lemma codist_monotone_seq:
  fixes s :: "nat \<Rightarrow> 'a::{distrib_lattice,bounded_lattice}"
  assumes "coheyting TYPE('a)" "mono s \<or> antimono s" "N \<le> n" "n \<le> n'"
  shows "codist (s n) (s N) \<le> codist (s n') (s N)"
  using assms(2)
proof
  assume "mono s"
  then show ?thesis
    using assms(3,4) by (intro codist_mono_above[OF assms(1)]) (auto dest: monoD)
next
  assume "antimono s"
  then show ?thesis
    using assms(3,4) by (intro codist_mono_below[OF assms(1)]) (auto dest: antimonoD)
qed

lemma openin_codim_topology:
  "openin codim_topology U \<longleftrightarrow> (\<forall>x\<in>U. \<exists>e>0. \<forall>y. codist x y < e \<longrightarrow> y \<in> U)"
proof -
  have "istopology (\<lambda>U. \<forall>x\<in>U. \<exists>e>0. \<forall>y. codist x y < e \<longrightarrow> y \<in> (U :: 'a set))"
    unfolding istopology_def
  proof (intro conjI allI impI ballI)
    fix S T :: "'a set" and x
    assume "\<forall>x\<in>S. \<exists>e>0. \<forall>y. codist x y < e \<longrightarrow> y \<in> S"
      and "\<forall>x\<in>T. \<exists>e>0. \<forall>y. codist x y < e \<longrightarrow> y \<in> T" and "x \<in> S \<inter> T"
    then obtain e1 e2 where "e1 > 0" "\<forall>y. codist x y < e1 \<longrightarrow> y \<in> S"
      and "e2 > 0" "\<forall>y. codist x y < e2 \<longrightarrow> y \<in> T"
      by blast
    then show "\<exists>e>0. \<forall>y. codist x y < e \<longrightarrow> y \<in> S \<inter> T"
      by (intro exI[of _ "min e1 e2"]) auto
  next
    fix K :: "'a set set" and x
    assume "\<forall>S\<in>K. \<forall>x\<in>S. \<exists>e>0. \<forall>y. codist x y < e \<longrightarrow> y \<in> S" and "x \<in> \<Union>K"
    then show "\<exists>e>0. \<forall>y. codist x y < e \<longrightarrow> y \<in> \<Union>K"
      by (meson UnionE UnionI)
  qed
  then show ?thesis
    unfolding codim_topology_def by (simp only: topology_inverse')
qed

lemma openin_codist_ball:
  fixes l :: "'a::{distrib_lattice,bounded_lattice}"
  assumes "coheyting TYPE('a)"
  shows "openin codim_topology {y. codist l y < e}"
  unfolding openin_codim_topology
proof (intro ballI exI conjI allI impI)
  fix x assume x: "x \<in> {y. codist l y < e}"
  then show "e - codist l x > 0" by simp
  fix y assume "codist x y < e - codist l x"
  then show "y \<in> {y. codist l y < e}"
    using x codist_ultrametric[OF assms, where a=l and b=x and c=y] codist_nonneg[of l x]
    by (simp add: max_def split: if_split_asm)
qed
(* Fix $k, n \in \mathbb{N}$. The number of permutations $w \in S_{kn+k-1}$ with exactly $n$ descents such that ${\rm ad}(w)$ is a $(k-1)$-ballot sequence equals $\frac{1}{n+1} A_{n,kn+k-1}$. In particular, the number of Dyck permutations in $S_{2n+1}$ is the Eulerian-Catalan number $EC_n = \frac{1}{n+1}A_{n,2n+1}$.
   Context: $A_{m,n}$ denotes the Eulerian number: the number of permutations of $[n]$ with exactly $m$ descents. For a permutation $w = w_1\cdots w_m$, ${\rm ad}(w)$ is the $0/1$ sequence of length $m-1$ with ${\rm ad}(w)_i = 0$ if $w_i < w_{i+1}$ and $1$ if $w_i > w_{i+1}$. A $0/1$ sequence is an $r$-ballot sequence if every initial segment contains at least $r$ times as many $0$'s as $1$'s. A permutation $w \in S_{2n+1}$ is a Dyck permutation if the lattice path $L(w)$ — starting at $(0,0)$, with $i$-th step $(1,0)$ if $w_i<w_{i+1}$ and $(0,1)$ if $w_i>w_{i+1}$ — ends at $(n,n)$ and all its points satisfy $y \leq x$ (equivalently, $w$ has $n$ descents and ${\rm ad}(w)$ is a $1$-ballot sequence). *)

theory Defs
  imports Complex_Main
begin

definition perms :: "nat \<Rightarrow> nat list set" where
  "perms m = {w. distinct w \<and> set w = {1..m}}"

definition ad :: "nat list \<Rightarrow> nat list" where
  "ad w = map (\<lambda>i. if w ! i < w ! (i + 1) then 0 else 1) [0..<length w - 1]"

definition des :: "nat list \<Rightarrow> nat" where
  "des w = card {i. i + 1 < length w \<and> w ! i > w ! (i + 1)}"

definition eulerian :: "nat \<Rightarrow> nat \<Rightarrow> nat" where
  "eulerian m n = card {w \<in> perms n. des w = m}"

definition ballot :: "nat \<Rightarrow> nat list \<Rightarrow> bool" where
  "ballot r s \<longleftrightarrow> (\<forall>j \<le> length s.
      r * count_list (take j s) 1 \<le> count_list (take j s) 0)"

text \<open>Points of the lattice path L(w): after j steps, x = number of ascents and
  y = number of descents among the first j adjacent pairs.\<close>
definition path_point :: "nat list \<Rightarrow> nat \<Rightarrow> nat \<times> nat" where
  "path_point w j = (count_list (take j (ad w)) 0, count_list (take j (ad w)) 1)"

definition dyck_perm :: "nat \<Rightarrow> nat list \<Rightarrow> bool" where
  "dyck_perm n w \<longleftrightarrow> w \<in> perms (2 * n + 1)
     \<and> path_point w (length (ad w)) = (n, n)
     \<and> (\<forall>j \<le> length (ad w). snd (path_point w j) \<le> fst (path_point w j))"

end

theory Submission
  imports Defs
begin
□ □ □
An exact copy of the data is needed.

lemma codist_monotone_seq:
  fixes s :: "nat \<Rightarrow> 'a::{distrib_lattice,bounded_lattice}"
  assumes "coheyting TYPE('a)" "mono s \<or> antimono s" "N \<le> n" "n \<le> n'"
  shows "codist (s n) (s N) \<le> codist (s n') (s N)"
  using assms(2)
proof
  assume "mono s"
  then show ?thesis
    using assms(3,4) by (intro codist_mono_above[OF assms(1)]) (auto dest: monoD)
next
  assume "antimono s"
  then show ?thesis
    using assms(3,4) by (intro codist_mono_below[OF assms(1)]) (auto dest: antimonoD)
qed

lemma openin_codim_topology:
  "openin codim_topology U \<longleftrightarrow> (\<forall>x\<in>U. \<exists>e>0. \<forall>y. codist x y < e \<longrightarrow> y \<in> U)"
proof -
  have "istopology (\<lambda>U. \<forall>x\<in>U. \<exists>e>0. \<forall>y. codist x y < e \<longrightarrow> y \<in> (U :: 'a set))"
    unfolding istopology_def
  proof (intro conjI allI impI ballI)
    fix S T :: "'a set" and x
    assume "\<forall>x\<in>S. \<exists>e>0. \<forall>y. codist x y < e \<longrightarrow> y \<in> S"
      and "\<forall>x\<in>T. \<exists>e>0. \<forall>y. codist x y < e \<longrightarrow> y \<in> T" and "x \<in> S \<inter> T"
    then obtain e1 e2 where "e1 > 0" "\<forall>y. codist x y < e1 \<longrightarrow> y \<in> S"
      and "e2 > 0" "\<forall>y. codist x y < e2 \<longrightarrow> y \<in> T"
      by blast
    then show "\<exists>e>0. \<forall>y. codist x y < e \<longrightarrow> y \<in> S \<inter> T"
      by (intro exI[of _ "min e1 e2"]) auto
  next
    fix K :: "'a set set" and x
    assume "\<forall>S\<in>K. \<forall>x\<in>S. \<exists>e>0. \<forall>y. codist x y < e \<longrightarrow> y \<in> S" and "x \<in> \<Union>K"
    then show "\<exists>e>0. \<forall>y. codist x y < e \<longrightarrow> y \<in> \<Union>K"
      by (meson UnionE UnionI)
  qed
  then show ?thesis
    unfolding codim_topology_def by (simp only: topology_inverse')
qed

lemma openin_codist_ball:
  fixes l :: "'a::{distrib_lattice,bounded_lattice}"
  assumes "coheyting TYPE('a)"
  shows "openin codim_topology {y. codist l y < e}"
  unfolding openin_codim_topology
proof (intro ballI exI conjI allI impI)
  fix x assume x: "x \<in> {y. codist l y < e}"
  then show "e - codist l x > 0" by simp
  fix y assume "codist x y < e - codist l x"
  then show "y \<in> {y. codist l y < e}"
    using x codist_ultrametric[OF assms, where a=l and b=x and c=y] codist_nonneg[of l x]
    by (simp add: max_def split: if_split_asm)
qed
(* Fix $k, n \in \mathbb{N}$. The number of permutations $w \in S_{kn+k-1}$ with exactly $n$ descents such that ${\rm ad}(w)$ is a $(k-1)$-ballot sequence equals $\frac{1}{n+1} A_{n,kn+k-1}$. In particular, the number of Dyck permutations in $S_{2n+1}$ is the Eulerian-Catalan number $EC_n = \frac{1}{n+1}A_{n,2n+1}$.
   Context: $A_{m,n}$ denotes the Eulerian number: the number of permutations of $[n]$ with exactly $m$ descents. For a permutation $w = w_1\cdots w_m$, ${\rm ad}(w)$ is the $0/1$ sequence of length $m-1$ with ${\rm ad}(w)_i = 0$ if $w_i < w_{i+1}$ and $1$ if $w_i > w_{i+1}$. A $0/1$ sequence is an $r$-ballot sequence if every initial segment contains at least $r$ times as many $0$'s as $1$'s. A permutation $w \in S_{2n+1}$ is a Dyck permutation if the lattice path $L(w)$ — starting at $(0,0)$, with $i$-th step $(1,0)$ if $w_i<w_{i+1}$ and $(0,1)$ if $w_i>w_{i+1}$ — ends at $(n,n)$ and all its points satisfy $y \leq x$ (equivalently, $w$ has $n$ descents and ${\rm ad}(w)$ is a $1$-ballot sequence). *)

theory Defs
  imports Complex_Main
begin

definition perms :: "nat \<Rightarrow> nat list set" where
  "perms m = {w. distinct w \<and> set w = {1..m}}"

definition ad :: "nat list \<Rightarrow> nat list" where
  "ad w = map (\<lambda>i. if w ! i < w ! (i + 1) then 0 else 1) [0..<length w - 1]"

definition des :: "nat list \<Rightarrow> nat" where
  "des w = card {i. i + 1 < length w \<and> w ! i > w ! (i + 1)}"

definition eulerian :: "nat \<Rightarrow> nat \<Rightarrow> nat" where
  "eulerian m n = card {w \<in> perms n. des w = m}"

definition ballot :: "nat \<Rightarrow> nat list \<Rightarrow> bool" where
  "ballot r s \<longleftrightarrow> (\<forall>j \<le> length s.
      r * count_list (take j s) 1 \<le> count_list (take j s) 0)"

text \<open>Points of the lattice path L(w): after j steps, x = number of ascents and
  y = number of descents among the first j adjacent pairs.\<close>
definition path_point :: "nat list \<Rightarrow> nat \<Rightarrow> nat \<times> nat" where
  "path_point w j = (count_list (take j (ad w)) 0, count_list (take j (ad w)) 1)"

definition dyck_perm :: "nat \<Rightarrow> nat list \<Rightarrow> bool" where
  "dyck_perm n w \<longleftrightarrow> w \<in> perms (2 * n + 1)
     \<and> path_point w (length (ad w)) = (n, n)
     \<and> (\<forall>j \<le> length (ad w). snd (path_point w j) \<le> fst (path_point w j))"

end

theory Submission
  imports Defs
begin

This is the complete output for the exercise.